:: The input ::

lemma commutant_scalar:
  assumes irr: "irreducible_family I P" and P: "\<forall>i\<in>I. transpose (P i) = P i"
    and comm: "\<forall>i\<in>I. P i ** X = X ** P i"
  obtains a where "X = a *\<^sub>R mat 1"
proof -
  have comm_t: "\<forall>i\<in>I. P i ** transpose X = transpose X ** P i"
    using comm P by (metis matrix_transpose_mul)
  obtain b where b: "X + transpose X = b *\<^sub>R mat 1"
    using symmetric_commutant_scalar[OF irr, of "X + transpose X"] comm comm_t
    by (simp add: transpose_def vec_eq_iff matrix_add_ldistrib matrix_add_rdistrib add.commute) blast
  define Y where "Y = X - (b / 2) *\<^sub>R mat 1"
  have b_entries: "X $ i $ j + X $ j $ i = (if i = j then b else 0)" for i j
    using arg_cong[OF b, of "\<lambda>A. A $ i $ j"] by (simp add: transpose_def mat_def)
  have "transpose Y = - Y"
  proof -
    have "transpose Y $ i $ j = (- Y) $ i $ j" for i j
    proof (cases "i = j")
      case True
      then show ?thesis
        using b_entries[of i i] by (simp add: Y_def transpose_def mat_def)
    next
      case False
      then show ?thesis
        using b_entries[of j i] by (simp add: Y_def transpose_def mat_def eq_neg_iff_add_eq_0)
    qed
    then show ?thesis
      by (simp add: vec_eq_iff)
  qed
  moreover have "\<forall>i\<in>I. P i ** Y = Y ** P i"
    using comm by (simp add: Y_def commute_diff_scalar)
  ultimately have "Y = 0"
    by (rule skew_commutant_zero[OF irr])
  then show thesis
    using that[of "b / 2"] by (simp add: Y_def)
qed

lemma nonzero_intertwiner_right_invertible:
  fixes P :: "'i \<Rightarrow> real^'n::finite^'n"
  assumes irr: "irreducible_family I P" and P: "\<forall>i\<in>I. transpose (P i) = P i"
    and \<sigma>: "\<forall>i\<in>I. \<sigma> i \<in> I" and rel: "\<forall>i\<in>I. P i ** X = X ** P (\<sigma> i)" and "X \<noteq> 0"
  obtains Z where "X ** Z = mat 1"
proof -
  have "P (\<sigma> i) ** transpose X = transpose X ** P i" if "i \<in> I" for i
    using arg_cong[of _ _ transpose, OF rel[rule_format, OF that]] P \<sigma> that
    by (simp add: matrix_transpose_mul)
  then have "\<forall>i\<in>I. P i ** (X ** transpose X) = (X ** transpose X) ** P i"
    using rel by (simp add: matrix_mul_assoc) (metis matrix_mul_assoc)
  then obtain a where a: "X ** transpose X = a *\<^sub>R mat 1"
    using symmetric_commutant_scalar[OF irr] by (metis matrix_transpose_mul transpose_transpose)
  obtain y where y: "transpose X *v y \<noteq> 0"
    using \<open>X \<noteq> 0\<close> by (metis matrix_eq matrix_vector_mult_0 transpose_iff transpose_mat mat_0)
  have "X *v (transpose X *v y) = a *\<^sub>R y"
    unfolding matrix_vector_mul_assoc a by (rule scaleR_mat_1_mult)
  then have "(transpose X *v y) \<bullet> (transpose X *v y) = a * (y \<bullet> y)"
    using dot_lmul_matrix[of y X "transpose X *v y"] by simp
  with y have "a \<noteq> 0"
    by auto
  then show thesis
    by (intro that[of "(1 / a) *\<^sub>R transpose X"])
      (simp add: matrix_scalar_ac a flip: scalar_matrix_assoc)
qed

:::
:: The input ::

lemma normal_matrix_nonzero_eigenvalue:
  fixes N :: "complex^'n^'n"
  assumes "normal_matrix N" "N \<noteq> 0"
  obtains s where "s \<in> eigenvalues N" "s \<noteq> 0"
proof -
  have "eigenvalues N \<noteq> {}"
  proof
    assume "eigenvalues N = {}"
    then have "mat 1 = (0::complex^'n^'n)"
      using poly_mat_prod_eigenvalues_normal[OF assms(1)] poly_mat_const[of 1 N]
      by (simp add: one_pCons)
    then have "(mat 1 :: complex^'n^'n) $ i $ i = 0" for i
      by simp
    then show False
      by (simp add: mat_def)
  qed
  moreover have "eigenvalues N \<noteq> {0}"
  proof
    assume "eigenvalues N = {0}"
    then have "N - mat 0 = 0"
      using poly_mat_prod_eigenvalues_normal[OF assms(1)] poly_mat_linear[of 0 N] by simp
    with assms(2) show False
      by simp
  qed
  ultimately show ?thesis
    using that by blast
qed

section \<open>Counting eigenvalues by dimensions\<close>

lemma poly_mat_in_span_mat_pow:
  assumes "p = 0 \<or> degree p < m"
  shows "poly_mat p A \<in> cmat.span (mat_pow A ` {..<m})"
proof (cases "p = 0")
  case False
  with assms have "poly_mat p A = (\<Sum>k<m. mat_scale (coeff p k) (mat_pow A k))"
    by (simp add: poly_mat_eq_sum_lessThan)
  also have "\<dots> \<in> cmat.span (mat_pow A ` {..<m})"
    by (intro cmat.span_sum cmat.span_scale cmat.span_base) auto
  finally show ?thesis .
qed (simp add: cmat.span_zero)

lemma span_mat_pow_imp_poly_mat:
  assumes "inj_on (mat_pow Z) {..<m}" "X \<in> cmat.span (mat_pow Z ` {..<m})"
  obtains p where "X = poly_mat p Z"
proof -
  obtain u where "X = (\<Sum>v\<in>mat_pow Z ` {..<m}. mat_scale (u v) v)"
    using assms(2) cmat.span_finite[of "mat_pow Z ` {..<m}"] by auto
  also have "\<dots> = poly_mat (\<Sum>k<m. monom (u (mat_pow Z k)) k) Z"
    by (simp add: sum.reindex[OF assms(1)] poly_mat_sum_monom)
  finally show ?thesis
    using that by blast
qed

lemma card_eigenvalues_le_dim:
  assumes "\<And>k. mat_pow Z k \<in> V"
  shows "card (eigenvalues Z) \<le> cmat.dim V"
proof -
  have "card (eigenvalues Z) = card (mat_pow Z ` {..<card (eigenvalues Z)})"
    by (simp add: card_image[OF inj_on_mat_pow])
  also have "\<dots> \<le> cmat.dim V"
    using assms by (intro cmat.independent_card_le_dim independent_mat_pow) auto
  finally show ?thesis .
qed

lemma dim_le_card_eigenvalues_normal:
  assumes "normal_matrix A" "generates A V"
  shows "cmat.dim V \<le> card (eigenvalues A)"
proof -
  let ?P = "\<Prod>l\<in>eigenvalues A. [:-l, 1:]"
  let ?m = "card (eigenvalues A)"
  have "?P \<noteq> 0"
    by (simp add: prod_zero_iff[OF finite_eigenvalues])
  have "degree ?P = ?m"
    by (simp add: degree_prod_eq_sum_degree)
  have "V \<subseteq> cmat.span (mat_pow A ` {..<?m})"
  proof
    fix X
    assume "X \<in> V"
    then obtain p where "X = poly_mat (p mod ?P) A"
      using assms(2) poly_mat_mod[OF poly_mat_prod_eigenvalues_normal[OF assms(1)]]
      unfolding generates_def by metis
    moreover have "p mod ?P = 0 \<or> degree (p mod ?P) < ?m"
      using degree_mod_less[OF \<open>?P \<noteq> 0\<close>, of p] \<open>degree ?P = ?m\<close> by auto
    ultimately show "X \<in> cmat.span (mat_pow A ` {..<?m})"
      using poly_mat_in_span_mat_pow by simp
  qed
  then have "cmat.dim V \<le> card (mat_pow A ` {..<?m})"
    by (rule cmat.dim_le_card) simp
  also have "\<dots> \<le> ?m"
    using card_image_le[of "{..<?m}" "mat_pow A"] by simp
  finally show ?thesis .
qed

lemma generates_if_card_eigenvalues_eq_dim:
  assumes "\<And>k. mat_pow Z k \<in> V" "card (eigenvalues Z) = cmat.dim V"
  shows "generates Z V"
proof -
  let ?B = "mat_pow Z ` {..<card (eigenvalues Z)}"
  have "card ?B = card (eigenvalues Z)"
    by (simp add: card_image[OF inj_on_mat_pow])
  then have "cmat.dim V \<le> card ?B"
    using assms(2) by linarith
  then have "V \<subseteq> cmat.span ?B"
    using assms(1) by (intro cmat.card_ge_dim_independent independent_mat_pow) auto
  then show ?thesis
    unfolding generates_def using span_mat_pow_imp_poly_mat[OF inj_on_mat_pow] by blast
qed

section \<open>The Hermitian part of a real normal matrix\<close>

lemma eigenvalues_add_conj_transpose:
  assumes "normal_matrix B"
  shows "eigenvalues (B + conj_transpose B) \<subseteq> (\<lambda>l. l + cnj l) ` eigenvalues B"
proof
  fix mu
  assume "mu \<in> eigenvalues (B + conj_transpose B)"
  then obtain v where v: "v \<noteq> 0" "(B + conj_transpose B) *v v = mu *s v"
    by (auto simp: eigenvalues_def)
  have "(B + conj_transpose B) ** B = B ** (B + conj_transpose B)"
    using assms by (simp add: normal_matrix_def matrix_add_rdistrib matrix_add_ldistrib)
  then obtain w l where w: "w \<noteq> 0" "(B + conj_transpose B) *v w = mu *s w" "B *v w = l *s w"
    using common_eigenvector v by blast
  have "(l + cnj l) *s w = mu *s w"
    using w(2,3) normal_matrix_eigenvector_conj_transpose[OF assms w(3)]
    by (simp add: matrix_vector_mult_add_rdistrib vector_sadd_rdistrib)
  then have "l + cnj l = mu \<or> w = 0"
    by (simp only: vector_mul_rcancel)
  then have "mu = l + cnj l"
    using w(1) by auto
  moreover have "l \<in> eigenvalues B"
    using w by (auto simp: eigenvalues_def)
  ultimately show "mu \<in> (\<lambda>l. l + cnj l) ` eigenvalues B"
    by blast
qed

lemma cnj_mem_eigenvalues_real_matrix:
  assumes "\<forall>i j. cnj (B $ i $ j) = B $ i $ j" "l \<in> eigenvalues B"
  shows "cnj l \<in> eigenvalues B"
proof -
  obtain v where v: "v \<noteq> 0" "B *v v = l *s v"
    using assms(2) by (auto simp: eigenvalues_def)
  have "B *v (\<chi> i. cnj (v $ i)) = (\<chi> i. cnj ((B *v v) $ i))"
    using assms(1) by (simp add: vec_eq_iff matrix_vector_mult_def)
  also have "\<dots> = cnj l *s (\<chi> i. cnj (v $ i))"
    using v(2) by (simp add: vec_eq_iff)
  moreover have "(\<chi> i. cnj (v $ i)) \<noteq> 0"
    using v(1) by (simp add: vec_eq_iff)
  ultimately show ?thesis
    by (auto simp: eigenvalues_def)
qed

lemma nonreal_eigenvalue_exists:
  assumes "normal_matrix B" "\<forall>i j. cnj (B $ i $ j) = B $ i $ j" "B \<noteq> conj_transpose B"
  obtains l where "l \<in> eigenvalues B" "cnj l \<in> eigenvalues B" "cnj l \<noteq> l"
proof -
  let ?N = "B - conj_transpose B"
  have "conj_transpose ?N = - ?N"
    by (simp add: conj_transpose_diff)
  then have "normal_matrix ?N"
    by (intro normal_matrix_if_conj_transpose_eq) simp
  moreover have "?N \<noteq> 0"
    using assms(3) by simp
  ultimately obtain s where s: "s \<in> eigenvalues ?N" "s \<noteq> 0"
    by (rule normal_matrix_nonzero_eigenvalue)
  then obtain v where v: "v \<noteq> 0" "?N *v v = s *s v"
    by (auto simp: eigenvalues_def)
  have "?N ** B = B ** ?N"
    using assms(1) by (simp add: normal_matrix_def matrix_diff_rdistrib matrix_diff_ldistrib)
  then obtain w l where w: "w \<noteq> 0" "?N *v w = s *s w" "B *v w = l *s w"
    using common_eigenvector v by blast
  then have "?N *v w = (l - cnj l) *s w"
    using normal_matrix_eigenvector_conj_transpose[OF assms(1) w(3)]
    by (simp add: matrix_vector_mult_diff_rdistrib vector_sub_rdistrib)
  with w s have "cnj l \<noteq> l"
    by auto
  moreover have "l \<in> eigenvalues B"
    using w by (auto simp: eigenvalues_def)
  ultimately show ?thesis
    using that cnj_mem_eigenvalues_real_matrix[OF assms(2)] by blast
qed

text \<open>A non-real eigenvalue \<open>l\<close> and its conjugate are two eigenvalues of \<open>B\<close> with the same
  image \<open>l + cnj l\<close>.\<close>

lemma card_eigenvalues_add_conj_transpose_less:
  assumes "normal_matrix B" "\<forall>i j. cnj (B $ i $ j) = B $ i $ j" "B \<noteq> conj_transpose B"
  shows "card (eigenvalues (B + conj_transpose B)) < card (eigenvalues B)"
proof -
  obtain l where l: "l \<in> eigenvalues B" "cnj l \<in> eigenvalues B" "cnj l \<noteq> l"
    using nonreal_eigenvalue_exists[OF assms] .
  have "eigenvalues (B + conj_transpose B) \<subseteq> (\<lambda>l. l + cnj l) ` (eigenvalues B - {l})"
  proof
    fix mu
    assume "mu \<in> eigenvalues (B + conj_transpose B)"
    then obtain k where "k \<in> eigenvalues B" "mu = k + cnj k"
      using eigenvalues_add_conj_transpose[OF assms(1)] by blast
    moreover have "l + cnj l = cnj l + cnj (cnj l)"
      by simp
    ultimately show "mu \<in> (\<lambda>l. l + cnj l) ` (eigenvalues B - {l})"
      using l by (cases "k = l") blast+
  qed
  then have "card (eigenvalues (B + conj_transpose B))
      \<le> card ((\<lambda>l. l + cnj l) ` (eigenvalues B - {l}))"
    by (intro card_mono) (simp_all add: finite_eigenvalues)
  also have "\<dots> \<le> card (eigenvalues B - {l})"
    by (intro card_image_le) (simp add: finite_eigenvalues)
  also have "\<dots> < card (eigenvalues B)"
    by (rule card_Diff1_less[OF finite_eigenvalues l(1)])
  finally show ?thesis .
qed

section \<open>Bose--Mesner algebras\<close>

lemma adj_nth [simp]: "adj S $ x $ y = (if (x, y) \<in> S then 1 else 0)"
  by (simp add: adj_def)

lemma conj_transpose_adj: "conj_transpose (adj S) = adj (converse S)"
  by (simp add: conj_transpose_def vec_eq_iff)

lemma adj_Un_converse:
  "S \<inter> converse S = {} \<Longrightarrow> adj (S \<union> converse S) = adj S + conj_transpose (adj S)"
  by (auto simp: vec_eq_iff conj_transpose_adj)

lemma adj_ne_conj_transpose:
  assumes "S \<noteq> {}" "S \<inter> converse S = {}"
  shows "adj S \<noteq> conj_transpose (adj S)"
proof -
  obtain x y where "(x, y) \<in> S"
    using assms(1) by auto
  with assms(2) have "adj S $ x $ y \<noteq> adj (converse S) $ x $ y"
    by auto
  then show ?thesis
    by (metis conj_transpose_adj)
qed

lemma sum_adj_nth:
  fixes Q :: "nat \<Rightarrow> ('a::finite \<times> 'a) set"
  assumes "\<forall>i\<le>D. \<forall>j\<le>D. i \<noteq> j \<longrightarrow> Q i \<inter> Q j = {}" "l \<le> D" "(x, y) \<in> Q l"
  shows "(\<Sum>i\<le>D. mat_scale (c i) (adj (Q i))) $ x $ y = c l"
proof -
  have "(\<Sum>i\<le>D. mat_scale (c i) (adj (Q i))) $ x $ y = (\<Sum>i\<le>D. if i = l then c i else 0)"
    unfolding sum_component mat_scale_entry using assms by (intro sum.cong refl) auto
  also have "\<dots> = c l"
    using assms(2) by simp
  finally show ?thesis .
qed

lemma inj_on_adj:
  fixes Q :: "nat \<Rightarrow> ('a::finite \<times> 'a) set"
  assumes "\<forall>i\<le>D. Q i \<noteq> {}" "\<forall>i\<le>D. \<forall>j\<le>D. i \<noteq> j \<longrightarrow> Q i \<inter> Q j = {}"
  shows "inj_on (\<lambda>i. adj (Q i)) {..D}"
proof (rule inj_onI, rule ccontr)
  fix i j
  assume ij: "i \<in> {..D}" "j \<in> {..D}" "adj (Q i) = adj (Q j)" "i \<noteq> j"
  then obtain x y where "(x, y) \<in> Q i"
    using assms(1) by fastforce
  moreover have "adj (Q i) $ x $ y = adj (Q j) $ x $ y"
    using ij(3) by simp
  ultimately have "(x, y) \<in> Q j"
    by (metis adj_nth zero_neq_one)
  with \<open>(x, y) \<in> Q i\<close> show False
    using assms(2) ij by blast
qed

:::

» **Assigned task**: Each line holding the word "with" must be copied from the data.

» **Finished task**:
  with y have "a \<noteq> 0"
    with assms(2) show False
  with assms have "poly_mat p A = (\<Sum>k<m. mat_scale (coeff p k) (mat_pow A k))"
  with w s have "cnj l \<noteq> l"
text \<open>A non-real eigenvalue \<open>l\<close> and its conjugate are two eigenvalues of \<open>B\<close> with the same
  with assms(2) have "adj S $ x $ y \<noteq> adj (converse S) $ x $ y"
  with \<open>(x, y) \<in> Q i\<close> show False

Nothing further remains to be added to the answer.